Whisper Transcript | Transcript Only Page

00:00:00.000 | [MUSIC]
00:00:04.880 | In today's deep dive, I want to tackle the question,
00:00:08.080 | how do I tame email? Now, this continues the trend I started last week of trying to do more
00:00:17.200 | practical topics in the deep dive. I want to get my hands dirty with actual advice that you can put
00:00:23.920 | into action and help your life today. This doesn't mean I'm not going to get back to my more
00:00:28.320 | philosophical rants or cultural critiques, but let's do a few of these deep dives that are more
00:00:35.280 | practical. All right, so here's the question. You hate your inbox, let's say. You open it,
00:00:40.800 | it's full of stuff. It stresses you out. Why does it stress you out and what can we do about it?
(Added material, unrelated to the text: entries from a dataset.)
lemma matching_blocks:
  assumes "\<forall>B\<in>P. card B = 1 \<or> card B = 2"
  shows "P = (\<lambda>(a, b). {a, b}) ` arcs P \<union> (\<lambda>x. {x}) ` fixed_points P"
proof (intro equalityI subsetI)
  fix B assume B: "B \<in> P"
  then consider x where "B = {x}" | i j where "B = {i, j}" "i < j"
    using assms by (auto simp: card_1_singleton_iff card_2_iff) (metis insert_commute neq_iff)
  then show "B \<in> (\<lambda>(a, b). {a, b}) ` arcs P \<union> (\<lambda>x. {x}) ` fixed_points P"
    by cases (use B in \<open>force simp: arcs_def fixed_points_def\<close>)+
qed (auto simp: arcs_def fixed_points_def)

lemma fixed_point_not_closer:
  assumes "partition_on A P" and "x \<in> fixed_points P"
  shows "x \<notin> closers P"
proof
  assume "x \<in> closers P"
  then obtain i where "i < x" "{i, x} \<in> P" by (auto simp: closers_def arcs_def)
  moreover have "{x} \<in> P" using assms(2) by (simp add: fixed_points_def)
  moreover have "{i, x} \<noteq> {x}" using \<open>i < x\<close> by auto
  ultimately show False
    using disjointD[OF partition_onD2[OF assms(1)]] by blast
qed

definition map_closer :: "(nat \<Rightarrow> nat) \<Rightarrow> nat \<times> nat \<Rightarrow> nat \<times> nat" where
  "map_closer f = (\<lambda>(a, b). (a, f b))"
text \<open>Two voters rank three alternatives in opposite orders, so alternative 1 is the middle choice
  of both and the expected welfare of alternative j is E(j) + E(2 - j), where E(k) is the expected
  k-th largest of three samples. Both distributions put mass 1 - p on c = p^2 and differ only in
  where the remaining mass p sits, so their total variation distance is at most p. If it sits at 0,
  the middle sample is c unless two samples are 0, which costs only O(p^2), while the best and
  worst samples together lose about 3pc, so alternative 1 is the unique maximiser. If it sits
  at 1, the best sample is 1 with probability about 3p, so alternatives 0 and 2 get welfare of
  order p, whereas the middle sample is 1 only with probability O(p^2).\<close>

definition two_point :: "real \<Rightarrow> real \<Rightarrow> real \<Rightarrow> real measure" where
  "two_point a b q = distr (measure_pmf (pmf_of_list [(a, 1 - q), (b, q)])) borel id"

lemma sets_two_point [simp, measurable_cong]: "sets (two_point a b q) = sets borel"
  by (simp add: two_point_def)

lemma space_two_point [simp]: "space (two_point a b q) = UNIV"
  by (simp add: two_point_def)

lemma prob_space_two_point: "prob_space (two_point a b q)"
  unfolding two_point_def by (auto intro: prob_space.prob_space_distr prob_space_measure_pmf)

lemma measure_two_point:
  assumes "0 \<le> q" "q \<le> 1" "A \<in> sets borel"
  shows "measure (two_point a b q) A = (if a \<in> A then 1 - q else 0) + (if b \<in> A then q else 0)"
proof -
  have "pmf_of_list_wf [(a, 1 - q), (b, q)]"
    using assms by (auto simp: pmf_of_list_wf_def)
  then show ?thesis
    using assms unfolding two_point_def by (simp add: measure_distr measure_pmf_of_list)
qed

lemma distr_on01_two_point:
  assumes "0 \<le> q" "q \<le> 1" "a \<in> {0..1}" "b \<in> {0..1}"
  shows "distr_on01 (two_point a b q)"
  using assms by (simp add: distr_on01_def prob_space_two_point measure_two_point)

lemma tv_dist_two_point_le:
  assumes "0 \<le> q" "q \<le> 1"
  shows "tv_dist (two_point a b q) (two_point a b' q) \<le> q"
  unfolding tv_dist_def
proof (rule cSUP_least)
  fix A :: "real set"
  assume "A \<in> sets borel"
  then show "\<bar>measure (two_point a b q) A - measure (two_point a b' q) A\<bar> \<le> q"
    using assms by (simp add: measure_two_point)
qed auto

lemma integral_finite_support:
  assumes "prob_space M" "finite S" "\<And>s. s \<in> S \<Longrightarrow> {s} \<in> sets M" "measure M S = 1"
    and g: "g \<in> borel_measurable M"
  shows "integrable M g" "integral\<^sup>L M g = (\<Sum>s\<in>S. g s * measure M {s})"
proof -
  interpret prob_space M by fact
  define h where "h x = (\<Sum>s\<in>S. g s * indicator {s} x)" for x
  have "S = (\<Union>s\<in>S. {s})" by simp
  also have "\<dots> \<in> sets M" using assms(2,3) by (intro sets.finite_UN) auto
  finally have "AE x in M. x \<in> S"
    using assms(4) by (simp add: AE_in_set_eq_1)
  then have gh: "AE x in M. g x = h x"
    by eventually_elim (use \<open>finite S\<close> in \<open>simp add: h_def indicator_def sum.delta'\<close>)
  have summand: "integrable M (\<lambda>x. g s * indicator {s} x)" if "s \<in> S" for s
    using assms(3)[OF that] by (simp add: emeasure_eq_measure)
  then have h: "integrable M h"
    unfolding h_def by (rule Bochner_Integration.integrable_sum)
  then show "integrable M g"
    using integrable_cong_AE[OF g borel_measurable_integrable[OF h] gh] by simp
  have "integral\<^sup>L M g = integral\<^sup>L M h"
    using g h gh by (intro integral_cong_AE) (auto dest: borel_measurable_integrable)
  also have "\<dots> = (\<Sum>s\<in>S. g s * measure M {s})"
    unfolding h_def using summand assms(3) sets.sets_into_space
    by (subst Bochner_Integration.integral_sum) (auto intro!: sum.cong simp: Int_absorb1)
  finally show "integral\<^sup>L M g = (\<Sum>s\<in>S. g s * measure M {s})" .
qed
(* Let $k\ge 2$ and $d\in\{2,\dots,k\}$. For any $\alpha\in(0,1)$, any $\mu>1/k$ and any $\epsilon\in(0,\mu k-1)$, the random bipartite graph with $n$ variable vertices and $m=\lfloor\mu n\log n\rfloor$ constraint vertices has no $\alpha$-small $d$-stopping set with probability $1-O(n^{1-\mu k+\epsilon})$ as $n\to\infty$.
   Context: Random bipartite graph: variable vertices $[n]$, constraint vertices $[m]$; for each $a\in[m]$ independently, a $k$-tuple of pairwise distinct elements of $[n]$ is chosen uniformly among all $n(n-1)\cdots(n-k+1)$ such tuples, and $\partial(a)\subseteq[n]$ denotes the set of its entries (the neighbours of $a$). $d$-stopping set: a set $V'\subseteq[n]$ such that $|\partial(a)\cap V'|\notin\{1,2,\dots,d-1\}$ for every $a\in[m]$. For $\alpha\in(0,1)$, an $\alpha$-small $d$-stopping set is a nonempty $d$-stopping set of size smaller than $\alpha n$. *)

theory Defs
  imports "HOL-Probability.Probability" "HOL-Library.Landau_Symbols"
begin

text \<open>Variable vertices are 0..<n, constraint vertices 0..<m, tuple positions 0..<k.
  A k-tuple of pairwise distinct elements of [n] is an injective map {0..<k} -> {0..<n}.\<close>
definition tuples :: "nat \<Rightarrow> nat \<Rightarrow> (nat \<Rightarrow> nat) set" where
  "tuples n k = {t \<in> {0..<k} \<rightarrow>\<^sub>E {0..<n}. inj_on t {0..<k}}"

text \<open>Sample space: each constraint a gets a k-tuple; uniform distribution on this product
  set is the same as independent uniform choices for each a.\<close>
definition graphs :: "nat \<Rightarrow> nat \<Rightarrow> nat \<Rightarrow> (nat \<Rightarrow> nat \<Rightarrow> nat) set" where
  "graphs n m k = {0..<m} \<rightarrow>\<^sub>E tuples n k"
00:00:46.960 | To answer this question, I think it is really important to look at all of that junk sitting
00:00:52.320 | there in your inbox and divide it up into categories. This is a key thing that's often
00:00:58.160 | missing when we give advice about email is that the different types of messages merit different
00:01:05.120 | responses. So roughly speaking, I can divide the messages you see in that stress inducing inbox
00:01:10.800 | into three categories. Number one, broadcast, information being broadcast to you that does
00:01:17.440 | not require a response. It may or may not be interesting to you. So this could be newsletters
00:01:23.280 | like my newsletter, which of course you should subscribe to account newport.com. It could be
00:01:27.680 | announcements from the HR department and your organization or it could be those annoying
00:01:31.600 | sales emails that any store that you've ever given your email address to for any reason bombard you
00:01:38.080 | with as if what really matters to you right now is that the 15% sale at Levi's is going to end
00:01:43.840 | next week. So those are broadcast messages. Then you have questions. This is my term for emails
00:01:52.320 | that have something that require a response to you, but probably just one response.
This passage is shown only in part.